## Task directions:
Compute how many lines in the data below contain "lambda"; answer only with that number.
=-=-=-=-=
lemma walk_iff_nth:
  "walk D vs es \<longleftrightarrow> length vs = Suc (length es) \<and>
     (\<forall>i<length es. vs ! i \<noteq> vs ! Suc i \<and> vs ! i \<in> D (es ! i) \<and> vs ! Suc i \<in> D (es ! i))"
proof (induction D vs es rule: walk.induct)
  case (2 D v w vs e es)
  then show ?case
    by (simp only: walk.simps length_Cons All_less_Suc2 nth_Cons_0 nth_Cons_Suc Suc_inject) blast
qed (auto simp: less_Suc_eq_0_disj)

lemma is_walk_iff_walk:
  "is_walk V E D vs es \<longleftrightarrow> walk D vs es \<and> set vs \<subseteq> V \<and> set es \<subseteq> E"
  unfolding is_walk_def walk_iff_nth by blast

lemma closed_strict_trail_iff_walk:
  "closed_strict_trail V E D vs es \<longleftrightarrow>
     walk D vs es \<and> set vs \<subseteq> V \<and> set es \<subseteq> E \<and> 2 \<le> length es \<and> hd vs = last vs \<and> distinct es"
  unfolding closed_strict_trail_def is_walk_iff_walk by blast

lemma walk_not_Nil: "walk D vs es \<Longrightarrow> vs \<noteq> []"
  by (induction D vs es rule: walk.induct) auto

lemma walk_length: "walk D vs es \<Longrightarrow> length vs = Suc (length es)"
  by (simp add: walk_iff_nth)

lemma walk_mono: "walk D vs es \<Longrightarrow> (\<And>e. e \<in> set es \<Longrightarrow> D e \<subseteq> D' e) \<Longrightarrow> walk D' vs es"
  by (induction D vs es rule: walk.induct) auto

lemma walk_append:
  "walk D xs es \<Longrightarrow> walk D ys fs \<Longrightarrow> last xs = hd ys \<Longrightarrow> walk D (xs @ tl ys) (es @ fs)"
proof (induction D xs es rule: walk.induct)
  case (1 D v)
  then show ?case using walk_not_Nil[of D ys fs] by (cases ys) auto
qed auto

lemma walk_split:
  assumes "walk D vs es" and "x \<in> set vs"
  shows "\<exists>p q es1 es2. vs = p @ x # q \<and> es = es1 @ es2 \<and> walk D (p @ [x]) es1 \<and> walk D (x # q) es2"
  using assms
proof (induction D vs es rule: walk.induct)
  case (1 D v)
  then show ?case by (intro exI[of _ "[]"]) auto
next
  case (2 D v w vs e es)
  show ?case
  proof (cases "x = v")
    case True
    with "2.prems" show ?thesis by (intro exI[of _ "[]"] exI[of _ "w # vs"] exI[of _ "[]"] exI[of _ "e # es"]) auto
  next
    case False
    with 2 obtain p q es1 es2 where
      "w # vs = p @ x # q" "es = es1 @ es2" "walk D (p @ [x]) es1" "walk D (x # q) es2"
      by auto
    moreover from this "2.prems" have "walk D (v # p @ [x]) (e # es1)" by (cases p) auto
    ultimately show ?thesis by (intro exI[of _ "v # p"] exI[of _ q] exI[of _ "e # es1"] exI[of _ es2]) auto
  qed
qed auto

lemma walk_vertices_subset: "walk D vs es \<Longrightarrow> es \<noteq> [] \<Longrightarrow> set vs \<subseteq> \<Union>(D ` set es)"
proof (induction D vs es rule: walk.induct)
  case (2 D v w vs e es)
  then show ?case by (cases es) (auto elim: walk.elims)
qed auto

lemma card_2_doubleton: "card X = 2 \<Longrightarrow> a \<in> X \<Longrightarrow> b \<in> X \<Longrightarrow> a \<noteq> b \<Longrightarrow> X = {a, b}"
  by (metis card_2_iff doubleton_eq_iff insertE singletonD)

lemma walk_edge_subset_vertices:
  "walk D vs es \<Longrightarrow> (\<And>e. e \<in> set es \<Longrightarrow> card (D e) = 2) \<Longrightarrow> e \<in> set es \<Longrightarrow> D e \<subseteq> set vs"
proof (induction D vs es rule: walk.induct)
  case (2 D v w vs e' es)
  then have "D e' = {v, w}"
    using card_2_doubleton[of "D e'" v w] by simp
  with 2 show ?case by auto
qed auto

lemma path_first_edge:
  assumes "walk D vs es" "distinct vs" "\<And>e. e \<in> set es \<Longrightarrow> card (D e) = 2"
    and "e \<in> set es" "hd vs \<in> D e"
  shows "e = hd es"
  using assms
proof (induction D vs es rule: walk.induct)
  case (2 D v w vs e' es)
  show ?case
  proof (rule ccontr)
    assume "e \<noteq> hd (e' # es)"
    with "2.prems" have "D e \<subseteq> set (w # vs)"
      by (intro walk_edge_subset_vertices[of D _ es]) auto
    with "2.prems" show False by auto
  qed
qed auto

section \<open>Closed trails\<close>

lemma walk_incident_edges_count:
  "walk D vs es \<Longrightarrow> (\<And>e. e \<in> set es \<Longrightarrow> card (D e) = 2) \<Longrightarrow>
   length (filter (\<lambda>e. v \<in> D e) es) = count_list (butlast vs) v + count_list (tl vs) v"
proof (induction D vs es rule: walk.induct)
  case (2 D u w vs e es)
  then have "D e = {u, w}" using card_2_doubleton[of "D e" u w] by simp
  with 2 show ?case by (cases vs) auto
qed auto

lemma count_list_butlast_eq_tl:
  assumes "vs \<noteq> []" "hd vs = last vs"
  shows "count_list (butlast vs) v = count_list (tl vs) v"
proof (cases vs)
  case (Cons a ws)
  show ?thesis
  proof (cases "ws = []")
    case False
    then have "ws = butlast ws @ [a]" using assms(2) Cons by simp
    then have "vs = a # butlast ws @ [a]" using Cons by simp
    then show ?thesis by (simp add: add.commute)
  qed (use Cons in simp)
qed (use assms in simp)

text \<open>A closed walk enters every anchor as often as it leaves it.\<close>

lemma closed_walk_even_degree:
  assumes "walk D vs es" "\<And>e. e \<in> set es \<Longrightarrow> card (D e) = 2" "hd vs = last vs" "distinct es"
  shows "even (card {e \<in> set es. v \<in> D e})"
proof -
  have "card {e \<in> set es. v \<in> D e} = length (filter (\<lambda>e. v \<in> D e) es)"
    using \<open>distinct es\<close> by (metis distinct_card distinct_filter set_filter)
  also have "\<dots> = 2 * count_list (tl vs) v"
    using walk_incident_edges_count[OF assms(1,2)] count_list_butlast_eq_tl[OF walk_not_Nil[OF assms(1)] assms(3)]
    by simp
  finally show ?thesis by simp
qed

lemma last_append_tl: "ys \<noteq> [] \<Longrightarrow> last xs = hd ys \<Longrightarrow> last (xs @ tl ys) = last ys"
  by (cases ys) auto

lemma set_append_tl: "xs \<noteq> [] \<Longrightarrow> ys \<noteq> [] \<Longrightarrow> last xs = hd ys \<Longrightarrow> set (xs @ tl ys) = set xs \<union> set ys"
  by (cases ys) auto

lemma closed_trail_rotate:
  assumes trail: "closed_strict_trail V E D vs es" and x: "x \<in> set vs"
  shows "\<exists>vs' es'. closed_strict_trail V E D vs' es' \<and> hd vs' = x \<and> set vs' = set vs \<and> set es' = set es"
proof -
  note T = trail[unfolded closed_strict_trail_iff_walk]
  obtain r s es1 es2 where split: "vs = r @ x # s" "es = es1 @ es2"
    and W1: "walk D (r @ [x]) es1" and W2: "walk D (x # s) es2"
    using walk_split[OF _ x] T by blast
  have join: "last (x # s) = hd (r @ [x])" using T split(1) by (cases r) auto
  define vs' where "vs' = (x # s) @ tl (r @ [x])"
  have "walk D vs' (es2 @ es1)" unfolding vs'_def using walk_append[OF W2 W1 join] .
  moreover have "hd vs' = x" "last vs' = x" unfolding vs'_def using last_append_tl[OF _ join] by auto
  moreover have "set vs' = set vs" unfolding vs'_def using set_append_tl[OF _ _ join] split(1) by auto
  ultimately show ?thesis using T split(2)
    by (intro exI[of _ vs'] exI[of _ "es2 @ es1"]) (auto simp: closed_strict_trail_iff_walk)
qed

lemma closed_trail_splice:
  assumes "closed_strict_trail V E D vs es" "closed_strict_trail V E D ws fs"
    and "x \<in> set vs" "x \<in> set ws" "set es \<inter> set fs = {}"
  shows "\<exists>us gs. closed_strict_trail V E D us gs \<and> set us = set vs \<union> set ws \<and> set gs = set es \<union> set fs"
proof -
  obtain vs' es' where T1: "closed_strict_trail V E D vs' es'" "hd vs' = x" "set vs' = set vs" "set es' = set es"
    using closed_trail_rotate[OF assms(1,3)] by blast
  obtain ws' fs' where T2: "closed_strict_trail V E D ws' fs'" "hd ws' = x" "set ws' = set ws" "set fs' = set fs"
    using closed_trail_rotate[OF assms(2,4)] by blast
  note W1 = T1(1)[unfolded closed_strict_trail_iff_walk] and W2 = T2(1)[unfolded closed_strict_trail_iff_walk]
  have join: "last vs' = hd ws'" using W1 T1(2) T2(2) by simp
  have ne: "vs' \<noteq> []" "ws' \<noteq> []" using W1 W2 walk_not_Nil by blast+
  have "walk D (vs' @ tl ws') (es' @ fs')" using walk_append W1 W2 join by blast
  moreover have "hd (vs' @ tl ws') = last (vs' @ tl ws')"
    using last_append_tl[OF ne(2) join] join ne W1 W2 by simp
  moreover have "distinct (es' @ fs')" using W1 W2 T1(4) T2(4) assms(5) by simp
  moreover have "set (vs' @ tl ws') = set vs \<union> set ws"
    using set_append_tl[OF ne join] T1(3) T2(3) by simp
  ultimately show ?thesis
    using W1 W2 T1(3,4) T2(3,4) unfolding closed_strict_trail_iff_walk
    by (intro exI[of _ "vs' @ tl ws'"] exI[of _ "es' @ fs'"]) auto
qed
=-=-=-=-=
## Written reply:
2